With after processing the corpus with `.fit_transform()` we 


In [None]:
# CountVectorizer comes with some text-processing features, such as stop_words, case folding
vectorizer_bow = CountVectorizer(stop_words='english')

# Fit the vectorizer to the corpus to build the vocabulary 
# (vectorizer_bow.vocabulary_ contains a dictionary mapping token -> column index)
bow_matrix = vectorizer_bow.fit_transform(faqs)

# Get the unique words (features) that form the vocabulary
vocabulary = vectorizer_bow.get_feature_names_out()

def print_vocabulary(vocabulary):
    print(f"Total vocabulary size: {len(vocabulary)}\n")
    print("Vocabulary (unique tokens):")
    print(vocabulary)

print_vocabulary(vocabulary)


In [None]:
vectorizer_bow.vocabulary_

### 2.2 Our own text-processing pipeline
We can define our own pre-processing pipeine by providing a tokenizer argument `CountVectorizer(tokenizer=my_tokenizer)`, which returns the list of (pre-processed) tokens for the input corpus.

In [None]:
import spacy

# Load the small English language model for spaCy
# We will use this model to perform advanced pre-processing (like lemmatization)
# Note: You may need to run `python -m spacy download en_core_web_sm` once in your environment
try:
    nlp = spacy.load("en_core_web_sm", disable=["parser", "ner"])
except OSError:
    print("Warning: spaCy model 'en_core_web_sm' not found.
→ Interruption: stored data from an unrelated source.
(* Let $\alpha_1,\alpha_2,\alpha_3>0$, $\lambda_1,\lambda_2,\lambda_3\ge0$ with $\lambda^+=\lambda_1+\lambda_2+\lambda_3>0$, $\alpha^+=\alpha_1+\alpha_2+\alpha_3$, and $(X'_1,X'_2)\sim\mathrm{NcDir}^2(\alpha_1,\alpha_2,\alpha_3,\lambda_1,\lambda_2,\lambda_3)$. Writing $x=\lambda^+/2$, $\mu_i=\lambda_i/2$, one has $$ \mathbb E(X'_1X'_2)=\frac{\alpha_1\alpha_2}{(\alpha^+)_2}e^{-x}\,{}_1F_1(\alpha^+;\alpha^++2;x)+\frac{1}{\alpha^++2}\Big[\frac{\alpha_1\mu_2+\alpha_2\mu_1}{\alpha^++1}-\frac{\mu_1\mu_2}{\alpha^++1+x}\Big]e^{-x}\,{}_1F_1(\alpha^++1;\alpha^++3;x)+\frac{\mu_1\mu_2}{x(\alpha^++1+x)}\Big[1-e^{-x}\,{}_1F_1(\alpha^++1;\alpha^++3;x)\Big]. $$
   Context: $(a)_l=\Gamma(a+l)/\Gamma(a)$ is the Pochhammer symbol; ${}_1F_1(a;b;x)=\sum_{i\ge0}\frac{(a)_i}{(b)_i}\frac{x^i}{i!}$ is Kummer's confluent hypergeometric function. $\mathrm{NcDir}^2(\alpha_1,\alpha_2,\alpha_3,\lambda_1,\lambda_2,\lambda_3)$ is the law of $(Y'_1/Y'^+,Y'_2/Y'^+)$ where $Y'_i\sim\chi'^2_{2\alpha_i}(\lambda_i)$, $i=1,2,3$, are independent non-central chi-squared variables and $Y'^+=Y'_1+Y'_2+Y'_3$. *)

theory Defs
  imports "HOL-Probability.Probability"
begin

text \<open>Density of the central chi-squared law with 2a degrees of freedom
  (Gamma law with shape a and scale 2).\<close>
definition chi2_density :: "real \<Rightarrow> real \<Rightarrow> real" where
  "chi2_density a y =
     (if y > 0 then y powr (a - 1) * exp (- y / 2) / (2 powr a * Gamma a) else 0)"

definition ncchi2_density :: "real \<Rightarrow> real \<Rightarrow> real \<Rightarrow> real" where
  "ncchi2_density a l y =
     (\<Sum>j. exp (- l / 2) * (l / 2) ^ j / fact j * chi2_density (a + real j) y)"

definition ncchi2 :: "real \<Rightarrow> real \<Rightarrow> real measure" where
  "ncchi2 a l = density lborel (\<lambda>y. ennreal (ncchi2_density a l y))"

definition hyp1F1 :: "real \<Rightarrow> real \<Rightarrow> real \<Rightarrow> real" where
  "hyp1F1 a b x = (\<Sum>i. pochhammer a i / pochhammer b i * x ^ i / fact i)"

definition NcDir2 :: "real \<Rightarrow> real \<Rightarrow> real \<Rightarrow> real \<Rightarrow> real \<Rightarrow> real \<Rightarrow> (real \<times> real) measure" where
  "NcDir2 a1 a2 a3 l1 l2 l3 =
     distr (Pi\<^sub>M {0::nat, 1, 2} (\<lambda>i. ncchi2 ([a1, a2, a3] ! i) ([l1, l2, l3] ! i)))
           borel
           (\<lambda>y. (y 0 / (y 0 + y 1 + y 2), y 1 / (y 0 + y 1 + y 2)))"

end

theory Submission
  imports Defs "HOL-Real_Asymp.Real_Asymp"
begin

(* With S = Y'1 + Y'2 + Y'3, the identity 1/S^2 = \<integral> t e^(-tS) dt over t > 0, Tonelli's theorem and
   independence give E(X'1 X'2) = \<integral> t L1(t) L2(t) L3(t) dt, where L1, L2 are E(Y' e^(-tY')) and L3 is
   E(e^(-tY')) for the three factors; these are explicit because a non-central chi-squared law is a
   Poisson mixture of Gamma laws. Expanding the integrand in powers of x/(1+2t) and integrating termwise
   with \<integral> t (1+2t)^(-(d+2)) dt = 1/(4d(d+1)) leaves a series in x^n/n! whose coefficients are
   rational in n: two of its parts are Kummer functions 1F1(a; a+2; x), with a = \<alpha>\<^sup>+ and a = \<alpha>\<^sup>+ + 1,
   and the third reduces to the second by a contiguous relation. *)


section \<open>Power series\<close>

lemma sums_exp_real: "(\<lambda>n. z ^ n / fact n) sums exp (z::real)"
  using exp_converges[of z] by (simp add: divide_inverse mult.commute)

lemma sums_of_nat_mult_shift:
  fixes x s :: real
  assumes "(\<lambda>n. g n * (x ^ n / fact n)) sums s"
  shows "(\<lambda>k. real k * g (k - 1) * (x ^ k / fact k)) sums (x * s)"
proof -
  have "real (Suc n) * g n * (x ^ Suc n / fact (Suc n)) = x * (g n * (x ^ n / fact n))" for n
    by (simp add: field_simps del: of_nat_Suc)
  then have "(\<lambda>n. real (Suc n) * g (Suc n - 1) * (x ^ Suc n / fact (Suc n))) sums (x * s)"
    using sums_mult[OF assms, of x] by (simp add: ac_simps)
  then show ?thesis by (subst (asm) sums_Suc_iff) simp
qed

lemma sums_affine_mult_exp: "(\<lambda>n. (a + real n) * (z ^ n / fact n)) sums ((a + z) * exp (z::real))"
proof -
  have "(\<lambda>n. real n * 1 * (z ^ n / fact n)) sums (z * exp z)"
    using sums_of_nat_mult_shift[of "\<lambda>_. 1"] sums_exp_real by simp
  from sums_add[OF sums_mult[OF sums_exp_real[of z], of a] this] show ?thesis
    by (simp add: distrib_right add_divide_distrib)
qed

lemma summable_power_div_fact_pochhammer:
  fixes a z :: real
  assumes a: "a > 0" and z: "z \<ge> 0"
  shows "summable (\<lambda>n. z ^ n / (fact n * pochhammer a n))"
proof (rule summable_comparison_test)
  show "summable (\<lambda>n. (z / a) ^ n / fact n)"
    using sums_summable[OF sums_exp_real] .
  have "a ^ n \<le> pochhammer a n" for n
    using a by (induction n) (auto simp: pochhammer_rec' intro!: mult_mono pochhammer_nonneg)
  then show "\<exists>N. \<forall>n\<ge>N. norm (z ^ n / (fact n * pochhammer a n)) \<le> (z / a) ^ n / fact n"
    using a z by (auto simp: power_divide pochhammer_pos abs_of_pos field_simps intro!: mult_right_mono)
qed

lemma ennreal_suminf_sums:
  fixes f :: "nat \<Rightarrow> real"
  assumes "\<And>n. 0 \<le> f n" "f sums s"
  shows "(\<Sum>n. ennreal (f n)) = ennreal s"
  using suminf_ennreal2[OF assms(1) sums_summable[OF assms(2)]] sums_unique[OF assms(2)] by simp

lemma ennreal_lincomb3:
  fixes a b c u v w :: real
  assumes "0 \<le> a" "0 \<le> b" "0 \<le> c" "0 \<le> u" "0 \<le> v" "0 \<le> w"
  shows "ennreal (a * u + b * v + c * w) = ennreal a * ennreal u + ennreal b * ennreal v + ennreal c * ennreal w"
  using assms by (simp add: ennreal_plus ennreal_mult)

lemma powr_minus_add_of_nat:
  fixes w b :: real
  assumes "w > 0"
  shows "w powr (-(b + real j)) = w powr (-b) * inverse w ^ j"
  unfolding powr_minus using assms by (simp add: powr_add powr_realpow power_inverse)

section \<open>Gamma-type integrals\<close>

lemma nn_integral_powr_mult_exp:
  fixes c s :: real
  assumes c: "c > 0" and s: "s > 0"
  shows "(\<integral>\<^sup>+y. ennreal (y powr (c - 1) * exp (-(s*y))) * indicator {0..} y \<partial>lborel)
          = ennreal (Gamma c / s powr c)"
proof -
  let ?I = "\<integral>\<^sup>+y. ennreal (y powr (c - 1) * exp (-(s*y))) * indicator {0..} y \<partial>lborel"
  have "ennreal (Gamma c) = (\<integral>\<^sup>+u. ennreal (u powr (c - 1) / exp u) * indicator {0..} u \<partial>lborel)"
    by (rule nn_integral_has_integral_lebesgue'[OF _ Gamma_integral_real[OF c], symmetric]) auto
  also have "\<dots> = ennreal s * (\<integral>\<^sup>+y. ennreal ((s*y) powr (c - 1) / exp (s*y)) * indicator {0..} (s*y) \<partial>lborel)"
    using nn_integral_real_affine[of "\<lambda>u. ennreal (u powr (c - 1) / exp u) * indicator {0..} u" s 0] s
    by simp
  also have "(\<lambda>y. ennreal ((s*y) powr (c - 1) / exp (s*y)) * indicator {0..} (s*y))
       = (\<lambda>y. ennreal (s powr (c - 1)) * (ennreal (y powr (c - 1) * exp (-(s*y))) * indicator {0..} y))"
    using s by (auto simp: indicator_def zero_le_mult_iff ennreal_mult[symmetric] powr_mult exp_minus field_simps)
  also have "ennreal s * (\<integral>\<^sup>+y. ennreal (s powr (c - 1)) * (ennreal (y powr (c - 1) * exp (-(s*y))) * indicator {0..} y) \<partial>lborel)
      = ennreal (s powr c) * ?I"
    using s by (subst nn_integral_cmult) (auto simp: mult.assoc[symmetric] ennreal_mult[symmetric] powr_mult_base)
  finally have "ennreal (s powr c) * ?I = ennreal (s powr c) * ennreal (Gamma c / s powr c)"
    using s c by (simp add: ennreal_mult[symmetric] Gamma_real_pos less_imp_le)
  then show ?thesis using s by (subst (asm) ennreal_mult_cancel_left) auto
qed

lemma nn_integral_mult_exp:
  fixes S :: real
  assumes S: "S > 0"
  shows "(\<integral>\<^sup>+t. ennreal (t * exp (-(t*S))) * indicator {0..} t \<partial>lborel) = ennreal (1 / S^2)"
proof -
  let ?F = "\<lambda>t. -(t/S + 1/S^2) * exp (-(t*S))"
  have "(\<integral>\<^sup>+t. ennreal (t * exp (-(t*S))) * indicator {0..} t \<partial>lborel) = ennreal (0 - ?F 0)"
  proof (rule nn_integral_FTC_atLeast)
    show "DERIV ?F t :> t * exp (-(t*S))" for t
      using S by (auto intro!: derivative_eq_intros simp: field_simps power2_eq_square)
    show "(?F \<longlongrightarrow> 0) at_top" using S by real_asymp
  qed auto
  then show ?thesis by simp
qed

lemma nn_integral_t_mult_powr:
  fixes d :: real
  assumes d: "d > 0"
  shows "(\<integral>\<^sup>+t. ennreal (t * (1 + 2*t) powr (-(d + 2))) * indicator {0..} t \<partial>lborel)
       = ennreal (1 / (4 * (d * (d + 1))))"
proof -
  let ?F = "\<lambda>t. (1 + 2*t) powr (-(d + 1)) / (4*(d + 1)) - (1 + 2*t) powr (-d) / (4*d)"
  have "(\<integral>\<^sup>+t. ennreal (t * (1 + 2*t) powr (-(d + 2))) * indicator {0..} t \<partial>lborel) = ennreal (0 - ?F 0)"
  proof (rule nn_integral_FTC_atLeast)
    show "DERIV ?F t :> t * (1 + 2*t) powr (-(d + 2))" if "0 \<le> t" for t
    proof -
      have w: "1 + 2*t > 0" using that by simp
      have e1: "-(d + 1) - 1 = -(d + 2)" and e2: "-d - 1 = 1 + (-(d + 2))" by simp_all
      have "DERIV ?F t :> (-(d+1)) * (1 + 2*t) powr (-(d + 1) - 1) * 2 / (4*(d + 1))
                         - (-d) * (1 + 2*t) powr (-d - 1) * 2 / (4*d)"
        using w d by (auto intro!: derivative_eq_intros)
      moreover have "(-(d+1)) * (1 + 2*t) powr (-(d + 1) - 1) * 2 / (4*(d + 1))
                     - (-d) * (1 + 2*t) powr (-d - 1) * 2 / (4*d) = t * (1 + 2*t) powr (-(d + 2))"
        unfolding e1 e2 powr_add using w d by (simp add: field_simps add_nonneg_eq_0_iff)
      ultimately show ?thesis by simp
    qed
    show "(?F \<longlongrightarrow> 0) at_top" using d by real_asymp
  qed auto
  also have "0 - ?F 0 = 1 / (4 * (d * (d + 1)))"
    using d by (simp add: field_simps add_nonneg_eq_0_iff)
  finally show ?thesis .
qed

section \<open>Non-central chi-squared laws\<close>

lemma chi2_density_nonneg: "b > 0 \<Longrightarrow> 0 \<le> chi2_density b y"
  by (auto simp: chi2_density_def Gamma_real_pos intro!: divide_nonneg_nonneg)

lemma borel_measurable_chi2_density[measurable]: "chi2_density b \<in> borel_measurable borel"
  unfolding chi2_density_def by measurable

lemma nn_integral_chi2_density_moment:
  fixes b t :: real
  assumes b: "b > 0" and t: "t \<ge> 0"
  shows "(\<integral>\<^sup>+y. ennreal (chi2_density b y * (y ^ k * exp (-(t*y)))) \<partial>lborel)
       = ennreal (Gamma (b + k) / Gamma b * 2 ^ k * (1 + 2*t) powr (-(b + k)))"
proof -
  let ?s = "1/2 + t"
  have "ennreal (chi2_density b y * (y ^ k * exp (-(t*y))))
     = ennreal (1 / (2 powr b * Gamma b)) * (ennreal (y powr ((b + k) - 1) * exp (-(?s*y))) * indicator {0..} y)"
    for y
  proof (cases "y > 0")
    case True
    have "y powr (b - 1) * y ^ k = y powr ((b + k) - 1)"
      using True by (simp add: powr_realpow[symmetric] powr_add[symmetric] algebra_simps)
    moreover have "exp (- y / 2) * exp (-(t*y)) = exp (-(?s*y))"
      by (simp add: exp_add[symmetric] algebra_simps)
    ultimately show ?thesis
      using True b unfolding chi2_density_def
      by (simp add: ennreal_mult[symmetric] Gamma_real_pos less_imp_le field_simps)
  next
    case False
    then show ?thesis by (cases "y = 0") (auto simp: chi2_density_def)
  qed
  then have "(\<integral>\<^sup>+y. ennreal (chi2_density b y * (y ^ k * exp (-(t*y)))) \<partial>lborel)
     = ennreal (1 / (2 powr b * Gamma b)) * ennreal (Gamma (b + k) / ?s powr (b + k))"
    using b t by (simp add: nn_integral_cmult nn_integral_powr_mult_exp)
  also have "\<dots> = ennreal (Gamma (b + k) / Gamma b * 2 ^ k * (1 + 2*t) powr (-(b + k)))"
  proof -
    have "?s = (1 + 2*t) / 2" and w: "1 + 2*t > 0" using t by simp_all
    then have "1 / (2 powr b * Gamma b) * (Gamma (b + k) / ?s powr (b + k))
        = Gamma (b + k) / Gamma b * 2 ^ k * (1 + 2*t) powr (-(b + k))"
      unfolding powr_minus_add_of_nat[OF w]
      using b t by (simp add: powr_divide powr_add powr_minus powr_realpow field_simps)
    then show ?thesis using b t
      by (simp add: ennreal_mult[symmetric] Gamma_real_pos less_imp_le)
  qed
  finally show ?thesis .
qed

lemma summable_ncchi2_terms:
  fixes a l y :: real
  assumes a: "a > 0" and l: "l \<ge> 0"
  shows "summable (\<lambda>j. exp (- l / 2) * (l / 2) ^ j / fact j * chi2_density (a + real j) y)"
proof (cases "y > 0")
  case False
  then show ?thesis by (simp add: chi2_density_def)
next
  case True
  let ?K = "exp (- l / 2) * (y powr (a - 1) * exp (- y / 2) / (2 powr a * Gamma a))"
  have "exp (- l / 2) * (l / 2) ^ j / fact j * chi2_density (a + real j) y
     = ?K * ((l/2 * (y/2)) ^ j / (fact j * pochhammer a j))" for j
  proof -
    have "a \<notin> \<int>\<^sub>\<le>\<^sub>0" using a nonpos_Ints_nonpos by fastforce
    then have "Gamma (a + real j) = Gamma a * pochhammer a j"
      using Gamma_real_pos[OF a] by (simp add: pochhammer_Gamma field_simps)
    moreover have "y powr (a + real j - 1) = y powr (a - 1) * y ^ j"
      using True by (simp add: powr_realpow[symmetric] powr_add[symmetric] algebra_simps)
    moreover have "(2::real) ^ j * 2 ^ j = 4 ^ j"
      by (simp add: power_mult_distrib[symmetric])
    ultimately show ?thesis using True a unfolding chi2_density_def
      by (simp add: powr_add powr_realpow power_mult_distrib power_divide Gamma_real_pos field_simps)
  qed
  moreover have "summable (\<lambda>j. ?K * ((l/2 * (y/2)) ^ j / (fact j * pochhammer a j)))"
    using summable_power_div_fact_pochhammer[OF a] l True by (intro summable_mult) simp
  ultimately show ?thesis by simp
qed

lemma ncchi2_term_nonneg:
  "a > 0 \<Longrightarrow> l \<ge> 0 \<Longrightarrow> 0 \<le> exp (- l / 2) * (l / 2) ^ j / fact j * chi2_density (a + real j) y"
  by (simp add: chi2_density_nonneg add_pos_nonneg)

lemma borel_measurable_ncchi2_density[measurable]:
  "(\<lambda>y. ennreal (ncchi2_density a l y)) \<in> borel_measurable borel"
  unfolding ncchi2_density_def by measurable

lemma sets_ncchi2[measurable_cong]: "sets (ncchi2 a l) = sets borel"
  by (simp add: ncchi2_def)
Please run 'python -m spacy download en_core_web_sm'")
    # Fallback to a simpler model creation if the standard one fails
    nlp = spacy.blank("en")


# --- NEW CUSTOM TOKENIZER FUNCTION ---
def spacy_tokenizer(document):
    """
    Custom tokenizer using spaCy for advanced pre-processing.
    It performs tokenization, lemmatization, and removes stop words/punctuation.
    This aligns the process with the manual steps students learned previously.
    """
    # 1. Process the document with spaCy
    doc = nlp(document)
    
    # 2. Extract tokens, perform lemmatization, and filter:
    #    - .lemma_: the base form of the word (e.g., 'updates' -> 'update')
    #    - .is_stop: skip common stop words (if the model is loaded)
    #    - .is_punct: skip punctuation
    #    - .is_alpha: keep only tokens that are purely alphabetic
    tokens = [
        token.lemma_.lower() 
        for token in doc 
        if not token.is_stop and not token.is_punct and token.is_alpha
    ]
    return tokens
# --- END NEW CUSTOM TOKENIZER FUNCTION ---


# Initialize the CountVectorizer
# 1. We now pass our custom spacy_tokenizer function to the 'tokenizer' argument.
# 2. We set 'stop_words' to None because spaCy_tokenizer handles stop words internally.
# 3. We set 'token_pattern' to None because the custom tokenizer handles token extraction.
vectorizer_bow = CountVectorizer(tokenizer=spacy_tokenizer, 
                                 stop_words=None, 
                                 token_pattern=None)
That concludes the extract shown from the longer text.